++++ Provided data ++++

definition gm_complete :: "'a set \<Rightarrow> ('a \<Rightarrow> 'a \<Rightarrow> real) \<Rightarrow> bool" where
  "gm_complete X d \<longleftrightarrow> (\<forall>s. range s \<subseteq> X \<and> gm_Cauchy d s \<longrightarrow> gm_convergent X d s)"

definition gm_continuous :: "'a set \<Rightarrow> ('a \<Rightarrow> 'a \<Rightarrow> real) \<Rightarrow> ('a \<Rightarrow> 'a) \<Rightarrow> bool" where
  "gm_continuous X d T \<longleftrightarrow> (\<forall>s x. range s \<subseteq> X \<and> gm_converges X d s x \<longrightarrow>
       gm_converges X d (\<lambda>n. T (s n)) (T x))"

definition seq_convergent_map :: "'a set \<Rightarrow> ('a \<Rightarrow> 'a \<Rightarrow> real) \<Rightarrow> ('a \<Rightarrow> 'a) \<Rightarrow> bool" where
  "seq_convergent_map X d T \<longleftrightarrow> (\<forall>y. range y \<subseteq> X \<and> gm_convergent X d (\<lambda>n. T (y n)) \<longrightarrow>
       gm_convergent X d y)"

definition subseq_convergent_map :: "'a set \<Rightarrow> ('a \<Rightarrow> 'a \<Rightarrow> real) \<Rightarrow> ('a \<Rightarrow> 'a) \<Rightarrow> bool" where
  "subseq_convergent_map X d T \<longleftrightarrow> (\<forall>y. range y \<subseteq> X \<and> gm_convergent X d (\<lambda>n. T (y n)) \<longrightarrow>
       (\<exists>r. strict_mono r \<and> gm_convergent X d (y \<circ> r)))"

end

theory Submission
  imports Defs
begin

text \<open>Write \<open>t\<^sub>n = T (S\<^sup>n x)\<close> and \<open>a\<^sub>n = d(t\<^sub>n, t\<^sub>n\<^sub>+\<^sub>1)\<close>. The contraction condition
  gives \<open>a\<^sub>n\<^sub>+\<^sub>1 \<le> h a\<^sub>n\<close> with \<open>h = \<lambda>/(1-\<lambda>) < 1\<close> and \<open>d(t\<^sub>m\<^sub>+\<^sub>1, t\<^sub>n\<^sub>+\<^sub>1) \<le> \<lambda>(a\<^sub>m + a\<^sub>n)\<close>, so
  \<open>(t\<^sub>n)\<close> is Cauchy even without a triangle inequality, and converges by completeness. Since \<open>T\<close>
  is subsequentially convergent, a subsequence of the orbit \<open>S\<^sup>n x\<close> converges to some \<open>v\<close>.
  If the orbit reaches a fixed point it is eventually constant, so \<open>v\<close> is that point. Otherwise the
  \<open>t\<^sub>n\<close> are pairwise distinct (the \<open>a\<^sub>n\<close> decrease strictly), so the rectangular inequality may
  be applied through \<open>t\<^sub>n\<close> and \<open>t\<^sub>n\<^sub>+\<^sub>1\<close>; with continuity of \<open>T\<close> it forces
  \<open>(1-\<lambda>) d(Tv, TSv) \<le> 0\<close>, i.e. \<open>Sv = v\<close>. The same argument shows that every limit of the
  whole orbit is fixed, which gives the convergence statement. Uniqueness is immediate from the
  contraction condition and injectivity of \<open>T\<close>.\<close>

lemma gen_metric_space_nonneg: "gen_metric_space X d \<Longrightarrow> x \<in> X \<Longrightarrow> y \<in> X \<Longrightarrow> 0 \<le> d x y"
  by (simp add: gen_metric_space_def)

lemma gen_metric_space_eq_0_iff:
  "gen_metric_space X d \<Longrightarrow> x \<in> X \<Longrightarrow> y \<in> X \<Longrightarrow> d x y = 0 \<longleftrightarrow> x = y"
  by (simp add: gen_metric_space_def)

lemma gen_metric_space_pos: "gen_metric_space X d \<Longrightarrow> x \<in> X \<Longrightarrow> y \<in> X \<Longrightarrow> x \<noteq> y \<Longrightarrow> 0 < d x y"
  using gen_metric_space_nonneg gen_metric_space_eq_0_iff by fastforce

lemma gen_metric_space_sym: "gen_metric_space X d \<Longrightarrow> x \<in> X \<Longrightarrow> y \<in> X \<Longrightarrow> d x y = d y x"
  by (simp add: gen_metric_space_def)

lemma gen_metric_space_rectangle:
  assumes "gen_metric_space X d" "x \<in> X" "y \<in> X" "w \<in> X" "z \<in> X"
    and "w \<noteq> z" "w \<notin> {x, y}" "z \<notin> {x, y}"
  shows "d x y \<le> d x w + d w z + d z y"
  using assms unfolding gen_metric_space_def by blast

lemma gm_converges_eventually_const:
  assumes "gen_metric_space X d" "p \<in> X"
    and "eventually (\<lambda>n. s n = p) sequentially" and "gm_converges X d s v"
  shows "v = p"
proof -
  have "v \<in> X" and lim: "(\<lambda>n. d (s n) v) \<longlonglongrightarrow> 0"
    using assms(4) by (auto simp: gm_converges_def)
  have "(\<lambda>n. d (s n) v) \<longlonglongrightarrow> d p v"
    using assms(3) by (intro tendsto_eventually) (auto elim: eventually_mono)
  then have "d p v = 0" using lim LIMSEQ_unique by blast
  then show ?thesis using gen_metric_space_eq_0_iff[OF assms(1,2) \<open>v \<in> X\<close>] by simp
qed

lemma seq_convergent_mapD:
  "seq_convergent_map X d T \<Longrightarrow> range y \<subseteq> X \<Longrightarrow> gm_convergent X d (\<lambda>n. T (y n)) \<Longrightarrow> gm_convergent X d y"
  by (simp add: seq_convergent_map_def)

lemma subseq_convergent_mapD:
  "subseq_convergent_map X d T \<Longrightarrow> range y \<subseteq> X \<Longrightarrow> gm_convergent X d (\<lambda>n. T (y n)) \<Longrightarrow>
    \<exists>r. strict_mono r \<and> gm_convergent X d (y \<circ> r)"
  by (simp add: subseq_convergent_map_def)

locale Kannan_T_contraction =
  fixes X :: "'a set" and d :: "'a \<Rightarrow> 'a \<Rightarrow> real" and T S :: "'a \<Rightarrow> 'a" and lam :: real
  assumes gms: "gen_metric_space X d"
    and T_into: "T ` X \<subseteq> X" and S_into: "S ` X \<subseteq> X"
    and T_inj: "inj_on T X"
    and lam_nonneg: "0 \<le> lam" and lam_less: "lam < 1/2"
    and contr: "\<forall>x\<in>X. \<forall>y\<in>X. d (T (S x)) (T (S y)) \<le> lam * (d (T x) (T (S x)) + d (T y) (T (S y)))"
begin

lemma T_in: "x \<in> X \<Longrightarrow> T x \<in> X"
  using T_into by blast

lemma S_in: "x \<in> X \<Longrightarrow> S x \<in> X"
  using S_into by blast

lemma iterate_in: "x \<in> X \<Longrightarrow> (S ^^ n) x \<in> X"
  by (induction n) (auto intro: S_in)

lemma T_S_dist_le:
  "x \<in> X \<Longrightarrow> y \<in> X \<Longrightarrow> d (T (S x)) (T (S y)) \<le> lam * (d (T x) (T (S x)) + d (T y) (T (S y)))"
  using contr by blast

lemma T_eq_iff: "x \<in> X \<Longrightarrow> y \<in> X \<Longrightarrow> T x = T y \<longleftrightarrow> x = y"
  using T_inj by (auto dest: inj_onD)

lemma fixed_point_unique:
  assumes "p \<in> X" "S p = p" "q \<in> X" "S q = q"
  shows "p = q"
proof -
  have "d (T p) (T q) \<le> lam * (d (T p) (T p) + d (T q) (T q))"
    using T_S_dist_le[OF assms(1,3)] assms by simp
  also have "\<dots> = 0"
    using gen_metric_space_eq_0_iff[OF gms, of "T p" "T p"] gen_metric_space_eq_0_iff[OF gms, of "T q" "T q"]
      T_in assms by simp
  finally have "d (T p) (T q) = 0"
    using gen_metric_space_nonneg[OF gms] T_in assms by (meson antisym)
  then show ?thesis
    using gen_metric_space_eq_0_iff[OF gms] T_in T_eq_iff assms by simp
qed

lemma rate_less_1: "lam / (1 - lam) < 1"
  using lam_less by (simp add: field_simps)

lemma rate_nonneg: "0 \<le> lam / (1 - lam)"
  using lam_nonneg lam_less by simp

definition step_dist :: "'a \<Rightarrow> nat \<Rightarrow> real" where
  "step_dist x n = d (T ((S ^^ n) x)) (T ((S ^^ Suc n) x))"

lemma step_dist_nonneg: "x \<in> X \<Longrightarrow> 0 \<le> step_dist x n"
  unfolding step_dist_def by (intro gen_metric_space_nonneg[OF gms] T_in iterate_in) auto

++++
++++ Provided data ++++

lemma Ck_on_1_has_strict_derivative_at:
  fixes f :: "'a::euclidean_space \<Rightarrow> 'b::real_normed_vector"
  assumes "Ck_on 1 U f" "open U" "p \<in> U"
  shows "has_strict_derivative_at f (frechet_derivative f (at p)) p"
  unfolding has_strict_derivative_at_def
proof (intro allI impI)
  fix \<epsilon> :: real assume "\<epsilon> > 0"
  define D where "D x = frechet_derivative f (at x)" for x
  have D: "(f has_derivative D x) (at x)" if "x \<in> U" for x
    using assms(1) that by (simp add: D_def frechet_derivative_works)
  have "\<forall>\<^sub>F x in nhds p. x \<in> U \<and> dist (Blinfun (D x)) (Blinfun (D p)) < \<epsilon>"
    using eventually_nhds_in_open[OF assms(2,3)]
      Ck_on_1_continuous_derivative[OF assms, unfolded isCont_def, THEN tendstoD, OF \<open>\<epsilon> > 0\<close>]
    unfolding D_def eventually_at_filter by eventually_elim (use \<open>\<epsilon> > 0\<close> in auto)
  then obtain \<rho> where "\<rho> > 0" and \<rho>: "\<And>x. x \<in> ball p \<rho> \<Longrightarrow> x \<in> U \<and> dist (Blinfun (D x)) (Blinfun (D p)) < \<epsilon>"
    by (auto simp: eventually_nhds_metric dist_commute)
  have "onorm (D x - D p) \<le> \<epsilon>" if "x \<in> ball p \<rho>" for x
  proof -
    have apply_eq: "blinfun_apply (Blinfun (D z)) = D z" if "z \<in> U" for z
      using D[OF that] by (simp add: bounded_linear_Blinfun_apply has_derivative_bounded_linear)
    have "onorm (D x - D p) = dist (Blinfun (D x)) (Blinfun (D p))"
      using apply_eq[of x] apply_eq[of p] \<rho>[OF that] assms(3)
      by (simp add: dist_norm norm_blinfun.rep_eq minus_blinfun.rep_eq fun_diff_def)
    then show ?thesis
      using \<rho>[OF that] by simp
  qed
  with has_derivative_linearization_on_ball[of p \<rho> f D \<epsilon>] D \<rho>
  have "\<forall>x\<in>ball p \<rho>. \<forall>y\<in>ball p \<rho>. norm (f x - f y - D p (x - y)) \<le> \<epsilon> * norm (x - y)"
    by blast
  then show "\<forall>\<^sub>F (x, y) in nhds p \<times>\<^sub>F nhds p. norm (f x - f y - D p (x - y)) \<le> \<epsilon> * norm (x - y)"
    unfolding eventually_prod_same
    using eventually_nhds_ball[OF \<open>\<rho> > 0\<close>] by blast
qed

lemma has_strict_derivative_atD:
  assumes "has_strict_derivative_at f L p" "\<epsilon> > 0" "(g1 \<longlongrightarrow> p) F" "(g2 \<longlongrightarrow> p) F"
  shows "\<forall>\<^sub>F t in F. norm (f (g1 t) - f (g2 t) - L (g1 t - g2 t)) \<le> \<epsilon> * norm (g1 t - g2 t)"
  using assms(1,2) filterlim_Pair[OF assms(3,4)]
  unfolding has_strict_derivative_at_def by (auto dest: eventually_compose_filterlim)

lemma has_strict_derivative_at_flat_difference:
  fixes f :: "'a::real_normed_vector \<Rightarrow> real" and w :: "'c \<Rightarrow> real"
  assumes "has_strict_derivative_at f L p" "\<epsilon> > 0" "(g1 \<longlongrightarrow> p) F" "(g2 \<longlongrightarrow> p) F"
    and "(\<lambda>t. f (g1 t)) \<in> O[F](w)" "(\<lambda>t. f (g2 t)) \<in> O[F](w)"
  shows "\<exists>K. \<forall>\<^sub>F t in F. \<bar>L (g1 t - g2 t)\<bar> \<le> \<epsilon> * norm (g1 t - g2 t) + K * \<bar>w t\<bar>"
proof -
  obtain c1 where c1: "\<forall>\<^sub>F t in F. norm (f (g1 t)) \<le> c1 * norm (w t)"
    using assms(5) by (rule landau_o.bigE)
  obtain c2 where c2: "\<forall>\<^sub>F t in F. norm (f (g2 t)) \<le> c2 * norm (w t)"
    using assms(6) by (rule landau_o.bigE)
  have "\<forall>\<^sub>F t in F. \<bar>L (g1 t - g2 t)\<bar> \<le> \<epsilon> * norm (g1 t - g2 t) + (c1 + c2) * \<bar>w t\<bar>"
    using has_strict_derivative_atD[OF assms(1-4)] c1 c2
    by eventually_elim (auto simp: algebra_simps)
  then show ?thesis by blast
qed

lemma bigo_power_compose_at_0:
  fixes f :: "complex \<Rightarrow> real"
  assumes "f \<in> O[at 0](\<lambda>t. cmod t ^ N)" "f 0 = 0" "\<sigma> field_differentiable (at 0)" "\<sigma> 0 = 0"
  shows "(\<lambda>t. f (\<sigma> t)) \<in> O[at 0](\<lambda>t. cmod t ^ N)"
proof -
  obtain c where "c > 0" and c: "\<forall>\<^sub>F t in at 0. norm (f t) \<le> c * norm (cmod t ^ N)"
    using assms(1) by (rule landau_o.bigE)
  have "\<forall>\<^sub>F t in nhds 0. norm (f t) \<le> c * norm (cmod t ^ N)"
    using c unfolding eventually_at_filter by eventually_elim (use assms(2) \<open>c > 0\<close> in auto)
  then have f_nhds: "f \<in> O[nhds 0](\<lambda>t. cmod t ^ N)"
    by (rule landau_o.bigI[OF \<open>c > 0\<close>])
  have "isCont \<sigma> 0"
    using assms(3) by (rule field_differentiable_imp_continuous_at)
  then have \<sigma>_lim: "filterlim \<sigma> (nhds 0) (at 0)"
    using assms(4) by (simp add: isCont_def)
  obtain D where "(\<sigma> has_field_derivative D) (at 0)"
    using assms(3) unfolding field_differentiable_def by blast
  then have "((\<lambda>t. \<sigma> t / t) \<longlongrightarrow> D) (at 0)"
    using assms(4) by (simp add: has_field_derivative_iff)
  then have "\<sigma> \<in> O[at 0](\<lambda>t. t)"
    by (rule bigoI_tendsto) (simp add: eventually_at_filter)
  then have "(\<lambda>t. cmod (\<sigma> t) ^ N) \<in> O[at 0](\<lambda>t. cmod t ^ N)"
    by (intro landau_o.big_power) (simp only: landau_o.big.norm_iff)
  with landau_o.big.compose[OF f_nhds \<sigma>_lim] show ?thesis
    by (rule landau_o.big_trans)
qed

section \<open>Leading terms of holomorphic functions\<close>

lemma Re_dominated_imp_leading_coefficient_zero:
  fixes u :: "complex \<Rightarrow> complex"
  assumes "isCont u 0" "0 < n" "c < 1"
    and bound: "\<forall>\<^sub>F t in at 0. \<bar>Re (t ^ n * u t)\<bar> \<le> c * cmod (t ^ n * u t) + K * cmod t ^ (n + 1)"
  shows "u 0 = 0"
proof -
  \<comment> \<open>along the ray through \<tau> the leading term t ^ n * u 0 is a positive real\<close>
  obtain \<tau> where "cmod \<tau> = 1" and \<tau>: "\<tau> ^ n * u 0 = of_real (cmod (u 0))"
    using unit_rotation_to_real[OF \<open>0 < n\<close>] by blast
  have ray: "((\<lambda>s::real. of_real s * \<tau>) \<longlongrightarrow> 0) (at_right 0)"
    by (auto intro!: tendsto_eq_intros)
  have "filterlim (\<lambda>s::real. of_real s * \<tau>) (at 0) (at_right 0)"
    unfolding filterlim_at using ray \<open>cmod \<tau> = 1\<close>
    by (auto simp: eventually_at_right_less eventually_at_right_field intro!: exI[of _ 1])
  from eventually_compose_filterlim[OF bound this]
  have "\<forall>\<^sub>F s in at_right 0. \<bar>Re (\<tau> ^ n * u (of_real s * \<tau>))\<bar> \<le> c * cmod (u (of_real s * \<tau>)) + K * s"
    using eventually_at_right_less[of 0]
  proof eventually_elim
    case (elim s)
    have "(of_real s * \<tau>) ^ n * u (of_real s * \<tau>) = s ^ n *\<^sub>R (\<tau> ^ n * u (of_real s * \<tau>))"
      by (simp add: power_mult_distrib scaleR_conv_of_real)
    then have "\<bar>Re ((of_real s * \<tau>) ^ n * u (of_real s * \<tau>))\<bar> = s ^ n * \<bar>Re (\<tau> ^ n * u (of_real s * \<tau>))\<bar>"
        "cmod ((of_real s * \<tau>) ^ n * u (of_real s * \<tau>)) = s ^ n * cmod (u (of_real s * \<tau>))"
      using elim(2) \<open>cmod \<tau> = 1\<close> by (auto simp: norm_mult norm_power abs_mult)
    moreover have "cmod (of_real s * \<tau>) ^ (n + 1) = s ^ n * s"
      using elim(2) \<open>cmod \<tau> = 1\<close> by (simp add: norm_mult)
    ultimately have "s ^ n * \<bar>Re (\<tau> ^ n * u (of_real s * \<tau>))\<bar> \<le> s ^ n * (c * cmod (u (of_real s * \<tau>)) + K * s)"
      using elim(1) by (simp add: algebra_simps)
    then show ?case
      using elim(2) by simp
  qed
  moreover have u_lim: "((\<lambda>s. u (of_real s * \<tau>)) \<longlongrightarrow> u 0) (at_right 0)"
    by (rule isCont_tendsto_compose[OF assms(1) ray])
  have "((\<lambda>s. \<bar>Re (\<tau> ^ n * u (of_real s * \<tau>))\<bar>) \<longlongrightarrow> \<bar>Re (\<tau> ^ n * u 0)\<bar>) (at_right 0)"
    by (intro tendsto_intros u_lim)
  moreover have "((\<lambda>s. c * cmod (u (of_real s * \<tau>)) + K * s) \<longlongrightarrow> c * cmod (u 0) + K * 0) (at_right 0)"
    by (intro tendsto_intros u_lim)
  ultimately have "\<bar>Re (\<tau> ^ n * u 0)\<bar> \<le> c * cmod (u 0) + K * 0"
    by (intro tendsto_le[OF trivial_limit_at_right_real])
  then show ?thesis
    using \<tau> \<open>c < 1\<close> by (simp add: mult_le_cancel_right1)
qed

++++
++++ Provided data ++++

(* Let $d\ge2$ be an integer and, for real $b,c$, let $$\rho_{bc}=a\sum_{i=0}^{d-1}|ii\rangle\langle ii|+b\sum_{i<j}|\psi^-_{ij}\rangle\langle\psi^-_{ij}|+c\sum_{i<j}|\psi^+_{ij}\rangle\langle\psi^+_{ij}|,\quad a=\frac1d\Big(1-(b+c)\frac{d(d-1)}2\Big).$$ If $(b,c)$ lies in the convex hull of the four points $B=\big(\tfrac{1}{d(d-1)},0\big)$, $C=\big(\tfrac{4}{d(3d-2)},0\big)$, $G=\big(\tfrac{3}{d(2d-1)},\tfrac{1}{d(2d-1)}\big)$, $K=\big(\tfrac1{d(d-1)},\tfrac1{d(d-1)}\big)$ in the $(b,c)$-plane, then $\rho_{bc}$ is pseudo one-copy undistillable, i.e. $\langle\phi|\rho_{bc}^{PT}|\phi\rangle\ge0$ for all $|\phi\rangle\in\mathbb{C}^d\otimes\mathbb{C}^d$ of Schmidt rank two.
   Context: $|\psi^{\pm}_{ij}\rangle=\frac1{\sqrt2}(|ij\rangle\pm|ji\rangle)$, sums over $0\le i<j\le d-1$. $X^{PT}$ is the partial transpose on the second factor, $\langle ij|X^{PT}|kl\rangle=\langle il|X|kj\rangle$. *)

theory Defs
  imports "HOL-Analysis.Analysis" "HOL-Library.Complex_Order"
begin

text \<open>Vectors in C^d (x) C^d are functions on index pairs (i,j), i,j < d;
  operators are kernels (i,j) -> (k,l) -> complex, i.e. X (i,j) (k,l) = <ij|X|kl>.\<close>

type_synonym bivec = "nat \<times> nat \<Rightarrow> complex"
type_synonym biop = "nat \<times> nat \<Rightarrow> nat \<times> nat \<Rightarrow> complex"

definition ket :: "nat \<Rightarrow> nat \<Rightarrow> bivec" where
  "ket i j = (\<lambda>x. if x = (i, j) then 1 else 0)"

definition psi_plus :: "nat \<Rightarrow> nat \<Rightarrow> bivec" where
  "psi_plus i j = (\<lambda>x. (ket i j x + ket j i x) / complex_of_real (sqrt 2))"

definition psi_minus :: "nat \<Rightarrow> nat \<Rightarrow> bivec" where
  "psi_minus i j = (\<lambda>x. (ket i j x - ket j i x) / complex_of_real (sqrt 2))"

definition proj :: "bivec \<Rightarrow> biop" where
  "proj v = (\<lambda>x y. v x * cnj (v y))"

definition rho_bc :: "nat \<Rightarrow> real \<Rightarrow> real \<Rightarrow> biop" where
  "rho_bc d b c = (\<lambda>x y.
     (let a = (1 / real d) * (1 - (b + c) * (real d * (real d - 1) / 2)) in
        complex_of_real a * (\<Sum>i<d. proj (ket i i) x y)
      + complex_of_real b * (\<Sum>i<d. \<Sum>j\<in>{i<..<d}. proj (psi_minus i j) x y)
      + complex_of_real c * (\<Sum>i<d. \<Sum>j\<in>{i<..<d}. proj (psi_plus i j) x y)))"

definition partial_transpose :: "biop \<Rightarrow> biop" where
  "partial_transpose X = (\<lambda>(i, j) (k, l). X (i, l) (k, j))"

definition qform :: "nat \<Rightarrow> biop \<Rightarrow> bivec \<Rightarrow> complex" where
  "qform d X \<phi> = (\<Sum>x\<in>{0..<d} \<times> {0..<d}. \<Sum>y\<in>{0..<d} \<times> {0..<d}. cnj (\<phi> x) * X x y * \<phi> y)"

++++

Exercise instructions: Above are the records; print exactly the lines from the line with "obtain c where" to the line with "obtain \<tau> where", including both, and nothing else.

Answer space:
  obtain c where "c > 0" and c: "\<forall>\<^sub>F t in at 0. norm (f t) \<le> c * norm (cmod t ^ N)"
    using assms(1) by (rule landau_o.bigE)
  have "\<forall>\<^sub>F t in nhds 0. norm (f t) \<le> c * norm (cmod t ^ N)"
    using c unfolding eventually_at_filter by eventually_elim (use assms(2) \<open>c > 0\<close> in auto)
  then have f_nhds: "f \<in> O[nhds 0](\<lambda>t. cmod t ^ N)"
    by (rule landau_o.bigI[OF \<open>c > 0\<close>])
  have "isCont \<sigma> 0"
    using assms(3) by (rule field_differentiable_imp_continuous_at)
  then have \<sigma>_lim: "filterlim \<sigma> (nhds 0) (at 0)"
    using assms(4) by (simp add: isCont_def)
  obtain D where "(\<sigma> has_field_derivative D) (at 0)"
    using assms(3) unfolding field_differentiable_def by blast
  then have "((\<lambda>t. \<sigma> t / t) \<longlongrightarrow> D) (at 0)"
    using assms(4) by (simp add: has_field_derivative_iff)
  then have "\<sigma> \<in> O[at 0](\<lambda>t. t)"
    by (rule bigoI_tendsto) (simp add: eventually_at_filter)
  then have "(\<lambda>t. cmod (\<sigma> t) ^ N) \<in> O[at 0](\<lambda>t. cmod t ^ N)"
    by (intro landau_o.big_power) (simp only: landau_o.big.norm_iff)
  with landau_o.big.compose[OF f_nhds \<sigma>_lim] show ?thesis
    by (rule landau_o.big_trans)
qed

section \<open>Leading terms of holomorphic functions\<close>

lemma Re_dominated_imp_leading_coefficient_zero:
  fixes u :: "complex \<Rightarrow> complex"
  assumes "isCont u 0" "0 < n" "c < 1"
    and bound: "\<forall>\<^sub>F t in at 0. \<bar>Re (t ^ n * u t)\<bar> \<le> c * cmod (t ^ n * u t) + K * cmod t ^ (n + 1)"
  shows "u 0 = 0"
proof -
  \<comment> \<open>along the ray through \<tau> the leading term t ^ n * u 0 is a positive real\<close>
  obtain \<tau> where "cmod \<tau> = 1" and \<tau>: "\<tau> ^ n * u 0 = of_real (cmod (u 0))"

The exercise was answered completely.